Sometimes they call the police. Patrol cars arrive, an occasional arrest
occurs but crime continues and disorder is not abated. Citizens complain
to the police chief, but he explains that his department is low on
personnel and that the courts do not punish petty or first-time offenders.
To the residents, the police who arrive in squad cars are either
ineffective or uncaring: to the police, the residents are animals who
deserve each other. The citizens may soon stop calling the police, because
"they can't do anything."
The process we call urban decay has occurred for centuries in every city.
But what is happening today is different in at least two important
respects. First, in the period before, say, World War II, city dwellers-
because of money costs, transportation difficulties, familial and church
connections--could rarely move away from neighborhood problems. When
movement did occur, it tended to be along public-transit routes. Now
mobility has become exceptionally easy for all but the poorest or those
who are blocked by racial prejudice. Earlier crime waves had a kind of
built-in self-correcting mechanism: the determination of a neighborhood or
community to reassert control over its turf. Areas in Chicago, New York,
and Boston would experience crime and gang wars, and then normalcy would
return, as the families for whom no alternative residences were possible
reclaimed their authority over the streets.
Second, the police in this earlier period assisted in that reassertion of
authority by acting, sometimes violently, on behalf of the community.
Young toughs were roughed up, people were arrested "on suspicion" or for
vagrancy, and prostitutes and petty thieves were routed. "Rights" were
something enjoyed by decent folk, and perhaps also by the serious
professional criminal, who avoided violence and could afford a lawyer.

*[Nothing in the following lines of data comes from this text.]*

definition retr :: "nat \<Rightarrow> gpt set \<Rightarrow> gpt \<Rightarrow> gpt" where
  "retr n P x = (if x \<in> spanP n P then x
                 else (case x of Pt r t \<Rightarrow> Pt r (tmin P r) | Vtx \<Rightarrow> Vtx))"

definition fP :: "nat \<Rightarrow> nat \<Rightarrow> gpt set \<Rightarrow> gpt \<Rightarrow> gpt" where
  "fP m n P = retr n P \<circ> fmap m n"

definition nbhd :: "gpt set \<Rightarrow> real \<Rightarrow> real \<Rightarrow> real set" where
  "nbhd P t0 e = {t. tmin P 0 \<le> t \<and> t < 1 \<and> \<bar>t - t0\<bar> < e}"

definition loc_inj :: "nat \<Rightarrow> nat \<Rightarrow> gpt set \<Rightarrow> real \<Rightarrow> bool" where
  "loc_inj m n P t0 \<longleftrightarrow>
     (\<exists>e>0. inj_on (fP m n P) ((\<lambda>t. Pt 0 t) ` nbhd P t0 e))"

definition loc_pres :: "nat \<Rightarrow> nat \<Rightarrow> gpt set \<Rightarrow> real \<Rightarrow> bool" where
  "loc_pres m n P t0 \<longleftrightarrow>
     (\<exists>e>0. \<exists>j. \<forall>t1\<in>nbhd P t0 e. \<forall>t2\<in>nbhd P t0 e. t1 < t2 \<longrightarrow>
        (\<exists>u1 u2. fP m n P (Pt 0 t1) = Pt j u1 \<and> fP m n P (Pt 0 t2) = Pt j u2 \<and> u1 < u2))"

definition loc_rev :: "nat \<Rightarrow> nat \<Rightarrow> gpt set \<Rightarrow> real \<Rightarrow> bool" where
  "loc_rev m n P t0 \<longleftrightarrow>
     (\<exists>e>0. \<exists>j. \<forall>t1\<in>nbhd P t0 e. \<forall>t2\<in>nbhd P t0 e. t1 < t2 \<longrightarrow>
        (\<exists>u1 u2. fP m n P (Pt 0 t1) = Pt j u1 \<and> fP m n P (Pt 0 t2) = Pt j u2 \<and> u1 > u2))"

definition dataABC :: "nat \<Rightarrow> nat \<Rightarrow> gpt set \<Rightarrow> nat set \<times> nat set \<times> nat set" where
  "dataABC m n P =
     (let tt = (\<lambda>s. sorted_list_of_set (ptsE P 0) ! s); N0 = card (ptsE P 0) in
      ({s. s < N0 \<and> loc_rev m n P (tt s)},
       {s. s < N0 \<and> loc_pres m n P (tt s)},
       {s. s < N0 \<and> \<not> loc_inj m n P (tt s)}))"

definition dataP :: "nat \<Rightarrow> nat \<Rightarrow> gpt set \<Rightarrow>
    nat list \<times> (nat \<times> nat \<Rightarrow> nat \<times> nat) \<times> (nat set \<times> nat set \<times> nat set)" where
  "dataP m n P = (dataN n P, dataPi m n P, dataABC m n P)"

definition inD :: "nat \<Rightarrow> nat list \<times> (nat \<times> nat \<Rightarrow> nat \<times> nat) \<times> (nat set \<times> nat set \<times> nat set) \<Rightarrow> bool" where
  "inD n d = (case d of (N, \<pi>, (A, B, C)) \<Rightarrow>
     length N = n \<and> (\<forall>r<n. 0 < N ! r) \<and>
     \<pi> permutes Lset N \<and> (\<forall>x\<in>Lset N. \<forall>y\<in>Lset N. \<exists>k. (\<pi> ^^ k) x = y) \<and>
     A \<union> B \<union> C = {..<N ! 0} \<and> A \<inter> B = {} \<and> A \<inter> C = {} \<and> B \<inter> C = {} \<and>
     card C = 1)"

(* gamma is encoded by a boolean: gB = True means gamma = B, otherwise gamma = A *)
definition Pset :: "nat \<Rightarrow> nat \<Rightarrow> nat \<Rightarrow> bool \<Rightarrow> gpt set \<Rightarrow> bool" where
  "Pset m n k gB P \<longleftrightarrow> star_orbit m n P \<and> (\<exists>t. fmap m n (lab P 0 0) = Pt k t) \<and>
     0 \<in> (if gB then fst (snd (dataABC m n P)) else fst (dataABC m n P))"

end

theory Submission
  imports Defs
begin

(* A \<ast>-orbit avoids the initial points of the edges (by coprimality an initial
   point would propagate to the fixed point at the initial point of e_0) and hence also the
   breakpoints j/(2m+1) of f on e_0.  So near each point of P on e_0 the truncation f^P is the
   affine lap of f containing it, orientation-preserving on even and reversing on odd laps,
   unless the image is the first point of P on its edge; this can only happen on e_m, and there
   the retraction folds the lap.  The conditions are then read off from the orders of the
   images.

   The data determine on which lap each point of e_0 lies, and the positions are
   obtained as the fixed point of the map pulling positions back along the inverse laps of f:
   it contracts by 2m+1 on e_0 and every cycle of pi passes through e_0.  The resulting points
   realize the data once they are distinct.  Labels whose points coincide form classes of a
   common odd size, which pi permutes preserving or reversing their order; if that size
   exceeded 1, the middle elements of the classes would form a pi-invariant set missing (0, 0),
   contradicting cyclicity. *)

lemma funpow_closed: "(\<And>x. x \<in> S \<Longrightarrow> f x \<in> S) \<Longrightarrow> x \<in> S \<Longrightarrow> (f ^^ k) x \<in> S"
  by (induction k) auto

text \<open>Rotation by \<open>m\<close> modulo \<open>n\<close> acts transitively when \<open>m\<close> and \<open>n\<close> are coprime, so a
  property of edges propagating along \<open>r \<mapsto> r + m\<close> away from \<open>e\<^sub>0\<close> reaches \<open>e\<^sub>0\<close>.\<close>

lemma coprime_shift_reaches_0:
  fixes m n r :: nat and S :: "nat set"
  assumes "0 < m" "coprime m n" "r \<in> S" "r < n"
    and shift: "\<And>r. r \<in> S \<Longrightarrow> 0 < r \<Longrightarrow> r < n \<Longrightarrow> (r + m) mod n \<in> S"
  shows "0 \<in> S"
proof -
  obtain x y where "m * x = n * y + gcd m n" using bezout_nat[of m n] assms(1) by auto
  then have xy: "m * x = n * y + 1" using assms(2) by simp
  have iter: "(r + i*m) mod n \<in> S \<or> 0 \<in> S" for i
  proof (induction i)
    case 0 then show ?case using assms by simp
  next
    case (Suc i)
    show ?case
    proof (cases "0 \<in> S")
      case False
      then have ri: "(r + i*m) mod n \<in> S" "0 < (r + i*m) mod n" using Suc by (auto intro: gr0I)
      have "((r + i*m) mod n + m) mod n \<in> S" using shift[OF ri] assms(4) by simp
      moreover have "((r + i*m) mod n + m) mod n = (r + Suc i * m) mod n"
        by (metis mod_add_left_eq add.assoc mult_Suc add.commute)
      ultimately show ?thesis by simp
    qed simp
  qed
  obtain d where d: "n = r + d" using assms(4) by (metis less_imp_add_positive)
  have "r + (x*(n-r))*m = r + (n-r)*(m*x)" by (simp add: algebra_simps)
  also have "\<dots> = n * (1 + (n-r)*y)" unfolding xy d by (simp add: algebra_simps)
  finally have "(r + (x*(n-r))*m) mod n = 0" by simp
  then show ?thesis using iter[of "x*(n-r)"] by auto
qed

lemma card_less_sorted_nth:
  fixes T :: "'a::linorder set"
  assumes "finite T" "s < card T"
  shows "card {t' \<in> T. t' < sorted_list_of_set T ! s} = s"
proof -
  let ?xs = "sorted_list_of_set T"
  have set_xs: "set ?xs = T" and len: "length ?xs = card T" using assms(1) by simp_all
  have "sorted_wrt (<) ?xs" using assms(1) by simp
  then have less: "i < j \<Longrightarrow> j < card T \<Longrightarrow> ?xs ! i < ?xs ! j" for i j
    using len by (simp add: sorted_wrt_iff_nth_less)
  have "{t' \<in> T. t' < ?xs ! s} = (\<lambda>i. ?xs ! i) ` {..<s}"
  proof (intro equalityI subsetI)
    fix t assume "t \<in> {t' \<in> T. t' < ?xs ! s}"
    then obtain i where i: "i < card T" "?xs ! i = t" "t < ?xs ! s"
      using set_xs len by (metis (mono_tags, lifting) in_set_conv_nth mem_Collect_eq)
    then have "i < s" using less[of s i] by (metis linorder_neqE_nat order_less_asym order_less_irrefl)
    then show "t \<in> (\<lambda>i. ?xs ! i) ` {..<s}" using i by auto
  qed (use less assms(2) set_xs len in \<open>auto intro: nth_mem\<close>)
  moreover have "inj_on (\<lambda>i. ?xs ! i) {..<s}"
    using less assms(2) by (auto simp: inj_on_def) (metis less_trans linorder_neqE_nat order_less_irrefl)
  ultimately show ?thesis by (simp add: card_image)
qed

lemma sorted_list_of_set_strict_mono_image:
  fixes f :: "nat \<Rightarrow> 'a::linorder"
  assumes "\<And>i j. i < j \<Longrightarrow> j < N \<Longrightarrow> f i < f j"
  shows "sorted_list_of_set (f ` {..<N}) = map f [0..<N]" and "card (f ` {..<N}) = N"
proof -
  have "inj_on f {..<N}"
    using assms by (auto simp: inj_on_def) (metis linorder_neqE_nat order_less_irrefl)
  then show c: "card (f ` {..<N}) = N" by (simp add: card_image)
  have "sorted_wrt (<) (map f [0..<N])"
    using assms by (auto simp: sorted_wrt_iff_nth_less)
  then show "sorted_list_of_set (f ` {..<N}) = map f [0..<N]"
    using sorted_list_of_set_unique[of "f ` {..<N}" "map f [0..<N]"] c by auto
qed

lemma convergent_if_geometric_steps:
  fixes y :: "nat \<Rightarrow> real"
  assumes q: "0 \<le> q" "q < 1" and steps: "\<And>j. \<bar>y (Suc j) - y j\<bar> \<le> K * q ^ j"
  shows "convergent y"
proof -
  have "summable (\<lambda>j. K * q ^ j)" using q by (intro summable_mult summable_geometric) simp
  then have "summable (\<lambda>j. y (Suc j) - y j)"
    by (rule summable_comparison_test'[of _ 0]) (use steps in simp)
  then have "(\<lambda>j. \<Sum>i<j. y (Suc i) - y i) \<longlonglongrightarrow> (\<Sum>j. y (Suc j) - y j)"
    by (rule summable_LIMSEQ)
  then have "(\<lambda>j. y j - y 0 + y 0) \<longlonglongrightarrow> (\<Sum>j. y (Suc j) - y j) + y 0"
    by (intro tendsto_add) (simp_all add: sum_lessThan_telescope)
  then show ?thesis unfolding convergent_def by auto
qed

section \<open>Laps of \<open>f\<close> on \<open>e\<^sub>0\<close>\<close>

text \<open>The edge \<open>e\<^sub>0\<close> is cut into \<open>2m+1\<close> laps; \<open>f\<close> maps the lap \<open>J\<close> affinely onto the
  edge \<open>lap_edge J\<close>, preserving the orientation iff \<open>J\<close> is even.\<close>

definition lap_of :: "nat \<Rightarrow> real \<Rightarrow> nat" where
  "lap_of m t = nat \<lfloor>real (2*m+1) * t\<rfloor>"

definition lap_edge :: "nat \<Rightarrow> nat" where
  "lap_edge J = (J + 1) div 2"

definition lap :: "nat \<Rightarrow> nat \<Rightarrow> real \<Rightarrow> real" where
  "lap m J t = (if even J then real (2*m+1) * t - real J else real J + 1 - real (2*m+1) * t)"

definition lap_inv :: "nat \<Rightarrow> nat \<Rightarrow> real \<Rightarrow> real" where
  "lap_inv m J y = (if even J then (y + real J) / real (2*m+1) else (real J + 1 - y) / real (2*m+1))"

lemma lap_lap_inv [simp]: "lap m J (lap_inv m J y) = y"
  by (simp add: lap_def lap_inv_def)

lemma lap_strict_mono: "even J \<Longrightarrow> t1 < t2 \<Longrightarrow> lap m J t1 < lap m J t2"
  and lap_strict_antimono: "odd J \<Longrightarrow> t1 < t2 \<Longrightarrow> lap m J t2 < lap m J t1"
  by (simp_all add: lap_def)

lemma lap_diff: "lap m J t - lap m J t' = (if even J then 1 else -1) * real (2*m+1) * (t - t')"
  by (simp add: lap_def algebra_simps)

lemma lap_inv_bounds:
  assumes "0 \<le> y" "y \<le> 1"
  shows "real J / real (2*m+1) \<le> lap_inv m J y" "lap_inv m J y \<le> (real J + 1) / real (2*m+1)"
  using assms by (auto simp: lap_inv_def divide_right_mono)

lemma lap_inv_mono: "even J \<Longrightarrow> y1 \<le> y2 \<Longrightarrow> lap_inv m J y1 \<le> lap_inv m J y2"
  and lap_inv_antimono: "odd J \<Longrightarrow> y1 \<le> y2 \<Longrightarrow> lap_inv m J y2 \<le> lap_inv m J y1"
  by (simp_all add: lap_inv_def divide_right_mono)

lemma abs_lap_inv_diff: "\<bar>lap_inv m J a - lap_inv m J b\<bar> = \<bar>a - b\<bar> / real (2*m+1)"
proof -
  have "lap_inv m J a - lap_inv m J b = (if even J then a - b else b - a) / real (2*m+1)"
    by (simp add: lap_inv_def diff_divide_distrib[symmetric])
  then show ?thesis by (simp add: abs_minus_commute)
qed

lemma lap_edge_eq_even_le: "lap_edge a = lap_edge b \<Longrightarrow> a \<le> b \<Longrightarrow> even a \<Longrightarrow> a = b"
  and lap_edge_eq_odd_le: "lap_edge a = lap_edge b \<Longrightarrow> a \<le> b \<Longrightarrow> odd b \<Longrightarrow> a = b"
  and lap_edge_eq_gt: "lap_edge a = lap_edge b \<Longrightarrow> b < a \<Longrightarrow> even a \<and> odd b"
  unfolding lap_edge_def by presburger+

lemma lap_edge_mono: "a \<le> b \<Longrightarrow> lap_edge a \<le> lap_edge b"
  unfolding lap_edge_def by (simp add: div_le_mono)

lemma lap_of_eq:
  assumes "real J \<le> real (2*m+1) * t" "real (2*m+1) * t < real J + 1"
  shows "lap_of m t = J"
  using assms by (simp add: lap_of_def floor_eq_iff nat_eq_iff)

lemma lap_of_mono: "a \<le> b \<Longrightarrow> lap_of m a \<le> lap_of m b"
  unfolding lap_of_def by (intro nat_mono floor_mono mult_left_mono) auto

lemma lap_of_bounds:
  assumes "0 \<le> t"
  shows "real (lap_of m t) \<le> real (2*m+1) * t" "real (2*m+1) * t < real (lap_of m t) + 1"
proof -
  have "real (lap_of m t) = of_int \<lfloor>real (2*m+1) * t\<rfloor>"
    using assms by (simp add: lap_of_def)
  then show "real (lap_of m t) \<le> real (2*m+1) * t" "real (2*m+1) * t < real (lap_of m t) + 1"
    by linarith+
qed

This pattern of policing was not an aberration or the result of occasional
excess. From the earliest days of the nation, the police function was seen
primarily as that of a night watchman: to maintain order against the chief
threats to order--fire, wild animals, and disreputable behavior. Solving
crimes was viewed not as a police responsibility but as a private one. In
the March, 1969, Atlantic, one of us (Wilson) wrote a brief account of how
the police role had slowly changed from maintaining order to fighting
crimes. The change began with the creation of private detectives (often
ex-criminals), who worked on a contingency-fee basis for individuals who
had suffered losses. In time, the detectives were absorbed in municipal
agencies and paid a regular salary simultaneously, the responsibility for
prosecuting thieves was shifted from the aggrieved private citizen to the
professional prosecutor. This process was not complete in most places
until the twentieth century.
In the l960s, when urban riots were a major problem, social scientists
began to explore carefully the order maintenance function of the police,
and to suggest ways of improving it--not to make streets safer (its
original function) but to reduce the incidence of mass violence. Order
maintenance became, to a degree, coterminous with "community relations."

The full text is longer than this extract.